While the Green vote traditionally fades at the ballot box, its strong island showing presents a conundrum for strategic voters, says Canseco. “Do you vote for the NDP in the hopes of getting a government that is going to be more environmentally friendly? Or do you give your vote to the Greens, and see if a couple of more people on the plane with Elizabeth May from Victoria to Ottawa every couple of weeks will get things going?”

The environment and such concerns as Bill C-51, the Conservatives’ expansive anti-terror law, are triggers that have turned B.C. into a potential hotbed of strategic voting. Two left-leading grassroots organizations, the national group Leadnow and the B.C.-focused Dogwood Initiative, have hired pollsters to drill into voting intentions in battleground ridings between now and election day. The intention of these “non-partisan” groups is to identify candidates with the best chance of beating Conservatives, including those in Vancouver-area ridings lining Burrard Inlet, site of a proposed expansion of the Kinder Morgan petroleum pipeline and tanker terminal.
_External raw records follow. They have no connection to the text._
lemma base_good_exists: "\<exists>h. base_good A \<Phi> h"
proof (cases "has_unique_colour A ((p + d) div 2 + 1) (g ++ glue \<Phi> (earlier A))")
  case True
  then show ?thesis by (intro exI[of _ Map.empty]) (simp add: base_good_def)
next
  case False
  then obtain \<zeta> where \<zeta>: "\<zeta> < (p + d) div 2 + 1" "\<forall>x\<in>A. (g ++ glue \<Phi> (earlier A)) x \<noteq> Some \<zeta>"
    using exists_missing_colour card_coloured_points_le by blast
  define \<S> where "\<S> = insert Y (earlier A \<union> heavy_members d (\<A> - {A}) (dom (glue \<Phi> (earlier A))))"
  have "finite (A \<inter> S)" if "S \<in> \<S>" for S
  proof -
    from that consider "S = Y" | "S \<in> \<A>" "S \<noteq> A"
      unfolding \<S>_def
      using in_underS_card_of[of S] heavy_members_subset[of d "\<A> - {A}" "dom (glue \<Phi> (earlier A))"]
      by blast
    then show ?thesis
      using finite_Int_Y[OF A] almost_disjoint A unfolding almost_disjoint_fin_def by cases auto
  qed
  then obtain x where x: "x \<in> A" "x \<notin> \<Union>\<S>"
    using exists_point_outside_small_family[OF infinite_K card_member[OF A]] card_forbidden_sets
    unfolding \<S>_def by blast
  show ?thesis
    using x \<zeta> has_unique_colour_fresh_point[OF x(1) \<zeta>(2) \<zeta>(1)]
    by (intro exI[of _ "[x \<mapsto> \<zeta>]"]) (auto simp: base_good_def \<S>_def)
qed

end

lemma cf_extendable_base: "cf_extendable \<A> Y ((p + d) div 2 + 1) g"
proof -
  have "\<exists>\<Phi>. \<forall>A\<in>Field (card_of \<A>). base_good A \<Phi> (\<Phi> A)"
  proof (rule wo_rel_recursive_choice[OF wo_rel_card_of])
    show "base_good A \<Psi> h" if "\<And>B. B \<in> earlier A \<Longrightarrow> \<Phi> B = \<Psi> B" "base_good A \<Phi> h" for A \<Phi> \<Psi> h
      by (rule base_good_cong[OF that])
    show "\<exists>h. base_good A \<Phi> h"
      if "A \<in> Field (card_of \<A>)" "\<And>B. B \<in> earlier A \<Longrightarrow> base_good B \<Phi> (\<Phi> B)" for A \<Phi>
      using that by (intro base_good_exists) simp_all
  qed
  then obtain \<Phi> where \<Phi>: "\<And>A. A \<in> \<A> \<Longrightarrow> base_good A \<Phi> (\<Phi> A)" by auto
  show ?thesis
  proof (rule cf_extendable_by_glue[where Reg = "\<lambda>A. A"])
    show "dom (\<Phi> A) \<subseteq> A - \<Union>((\<lambda>A. A) ` earlier A) - Y" if "A \<in> \<A>" for A
      using \<Phi>[OF that] unfolding base_good_def by auto
    show "ran (\<Phi> A) \<subseteq> {..<(p + d) div 2 + 1}" if "A \<in> \<A>" for A
      using \<Phi>[OF that] unfolding base_good_def by auto
    show "\<exists>A\<in>\<A>. B \<subseteq> A \<and> has_unique_colour B ((p + d) div 2 + 1) (g ++ glue \<Phi> (earlier A) ++ \<Phi> A)"
      if "B \<in> \<A>" for B
      using \<Phi>[OF that] that unfolding base_good_def by auto
  qed auto
qed

end

section \<open>The successor step\<close>

locale succ_precoloured_system = precoloured_system K \<A> d Y g p
  for K :: "'k set" and \<A> :: "'a set set" and d Y g p +
  fixes L :: "'b set" and \<rho> :: "nat \<Rightarrow> nat"
  assumes d_pos: "d > 0" and card_K_le_L: "|K| \<le>o |L|"
    and card_le_cardSuc: "|\<A>| \<le>o cardSuc |L|"
    and extendable_below: "\<And>(\<A>' :: 'a set set) Y' g' p'. |\<A>'| \<le>o |L| \<Longrightarrow>
      precoloured_system K \<A>' d Y' g' p' \<Longrightarrow> cf_extendable \<A>' Y' (\<rho> p') g'"
begin

definition closure_below :: "'a set \<Rightarrow> 'a set set" where
  "closure_below A = heavy_closure d \<A> (under (card_of \<A>) A)"

definition new_members :: "'a set \<Rightarrow> 'a set set" where
  "new_members A = closure_below A - \<Union>(closure_below ` earlier A)"

definition old_points :: "'a set \<Rightarrow> 'a set" where
  "old_points A = \<Union>(\<Union>(closure_below ` earlier A))"

lemma closure_below_subset: "closure_below A \<subseteq> \<A>"
  unfolding closure_below_def using heavy_closure_subset under_Field[of "card_of \<A>" A] by simp

lemma new_members_subset: "new_members A \<subseteq> \<A>"
  unfolding new_members_def using closure_below_subset by blast

lemma closure_below_mono: "(B, A) \<in> |\<A>| \<Longrightarrow> closure_below B \<subseteq> closure_below A"
  unfolding closure_below_def
  by (rule heavy_closure_mono[OF under_incr[OF wo_rel.TRANS[OF wo_rel_card_of]]])

lemma mem_closure_below_self: "A \<in> \<A> \<Longrightarrow> A \<in> closure_below A"
  using Refl_under_in[OF wo_rel.REFL[OF wo_rel_card_of[of \<A>]], of A] subset_heavy_closure
  unfolding closure_below_def by auto

lemma card_closure_below:
  assumes A: "A \<in> \<A>"
  shows "|closure_below A| \<le>o |L|"
proof -
  have L: "infinite L" using infinite_K card_K_le_L card_of_ordLeq_finite by blast
  have "|earlier A| <o cardSuc |L|" using card_of_underS_ordLess[OF card_le_cardSuc A] .
  then have "|earlier A| \<le>o |L|" by simp
  moreover have "|{A}| \<le>o |L|" using L by (simp add: ordLess_imp_ordLeq)
  ultimately have "|{A} \<union> earlier A| \<le>o |L|" by (rule card_of_Un_ordLeq_infinite[OF L, rotated])
  moreover have "under (card_of \<A>) A = {A} \<union> earlier A"
    using Refl_under_underS[OF wo_rel.REFL[OF wo_rel_card_of[of \<A>]], of A] A by auto
  moreover have "|B| \<le>o |L|" if "B \<in> \<A>" for B
    using card_member[OF that] card_K_le_L ordIso_ordLeq_trans by blast
  ultimately show ?thesis unfolding closure_below_def
    using card_of_heavy_closure[OF almost_disjoint L] under_Field[of "card_of \<A>" A] by simp
qed

lemma heavy_closed_earlier_closures: "heavy_closed d \<A> (\<Union>(closure_below ` earlier A))"
proof (rule heavy_closed_Union_chain[OF d_pos])
  show "heavy_closed d \<A> \<D>" if "\<D> \<in> closure_below ` earlier A" for \<D>
    using that heavy_closed_heavy_closure unfolding closure_below_def by auto
  show "\<D> \<subseteq> \<E> \<or> \<E> \<subseteq> \<D>"
    if \<D>: "\<D> \<in> closure_below ` earlier A" and \<E>: "\<E> \<in> closure_below ` earlier A" for \<D> \<E>
  proof -
    obtain B1 where B1: "B1 \<in> earlier A" "\<D> = closure_below B1" using \<D> by blast
    obtain B2 where B2: "B2 \<in> earlier A" "\<E> = closure_below B2" using \<E> by blast
    have "B1 \<in> \<A>" "B2 \<in> \<A>" using in_underS_card_of[OF B1(1)] in_underS_card_of[OF B2(1)] by auto
    then have "(B1, B2) \<in> |\<A>| \<or> (B2, B1) \<in> |\<A>|"
      using wo_rel.TOTALS[OF wo_rel_card_of[of \<A>]] by simp
    then show ?thesis using closure_below_mono[of B1 B2] closure_below_mono[of B2 B1] B1(2) B2(2) by blast
  qed
qed

lemma card_Int_old_points_less:
  assumes "B \<in> new_members A"
  shows "finite (B \<inter> old_points A) \<and> card (B \<inter> old_points A) < d"
proof -
  have "B \<in> \<A>" "B \<notin> \<Union>(closure_below ` earlier A)"
    using assms new_members_subset unfolding new_members_def by auto
  then show ?thesis
    using heavy_closed_earlier_closures[of A] not_heavy_member
    unfolding heavy_closed_def old_points_def by blast
qed

lemma new_members_cover:
  assumes "B \<in> \<A>"
  shows "\<exists>A\<in>\<A>. B \<in> new_members A"
proof -
  have "B \<in> {A \<in> \<A>. B \<in> closure_below A}" using assms mem_closure_below_self by blast
  then obtain A where A: "A \<in> {A \<in> \<A>. B \<in> closure_below A}"
    and min: "\<And>A'. (A', A) \<in> |\<A>| - Id \<Longrightarrow> A' \<notin> {A \<in> \<A>. B \<in> closure_below A}"
    by (rule wfE_min[OF wo_rel.WF[OF wo_rel_card_of]]) blast
  have "B \<notin> closure_below A'" if "A' \<in> earlier A" for A'
    using min[of A'] that in_underS_card_of[OF that] by (auto simp: underS_def)
  then show ?thesis using A unfolding new_members_def by blast
qed

definition succ_good :: "'a set \<Rightarrow> ('a set \<Rightarrow> 'a \<rightharpoonup> nat) \<Rightarrow> ('a \<rightharpoonup> nat) \<Rightarrow> bool" where
  "succ_good A \<Phi> h \<longleftrightarrow>
     dom h \<subseteq> \<Union>(new_members A) - (Y \<union> old_points A) \<and> ran h \<subseteq> {..<\<rho> (p + (d - 1))}
     \<and> (\<forall>B\<in>new_members A. has_unique_colour B (\<rho> (p + (d - 1))) (g ++ glue \<Phi> (earlier A) ++ h))"

lemma succ_good_cong:
  assumes "\<And>B. B \<in> earlier A \<Longrightarrow> \<Phi> B = \<Psi> B" and "succ_good A \<Phi> h"
  shows "succ_good A \<Psi> h"
  using assms glue_cong[of "earlier A" \<Phi> \<Psi>] unfolding succ_good_def by simp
Tory stalwart Stockwell Day has condemned Dogwood as “an extreme activist group attempting to influence the results of the election.” Dogwood, which campaigns against pipeline expansion and tanker traffic, is indeed trying to influence the vote, says its spokesman, Kai Nagata. The aim is “to increase voter turnout and elect MPs that are actually responsive to, and accountable to, their constituents, whatever colour jersey they are wearing,” he says. “If that’s extreme, then guilty as charged.”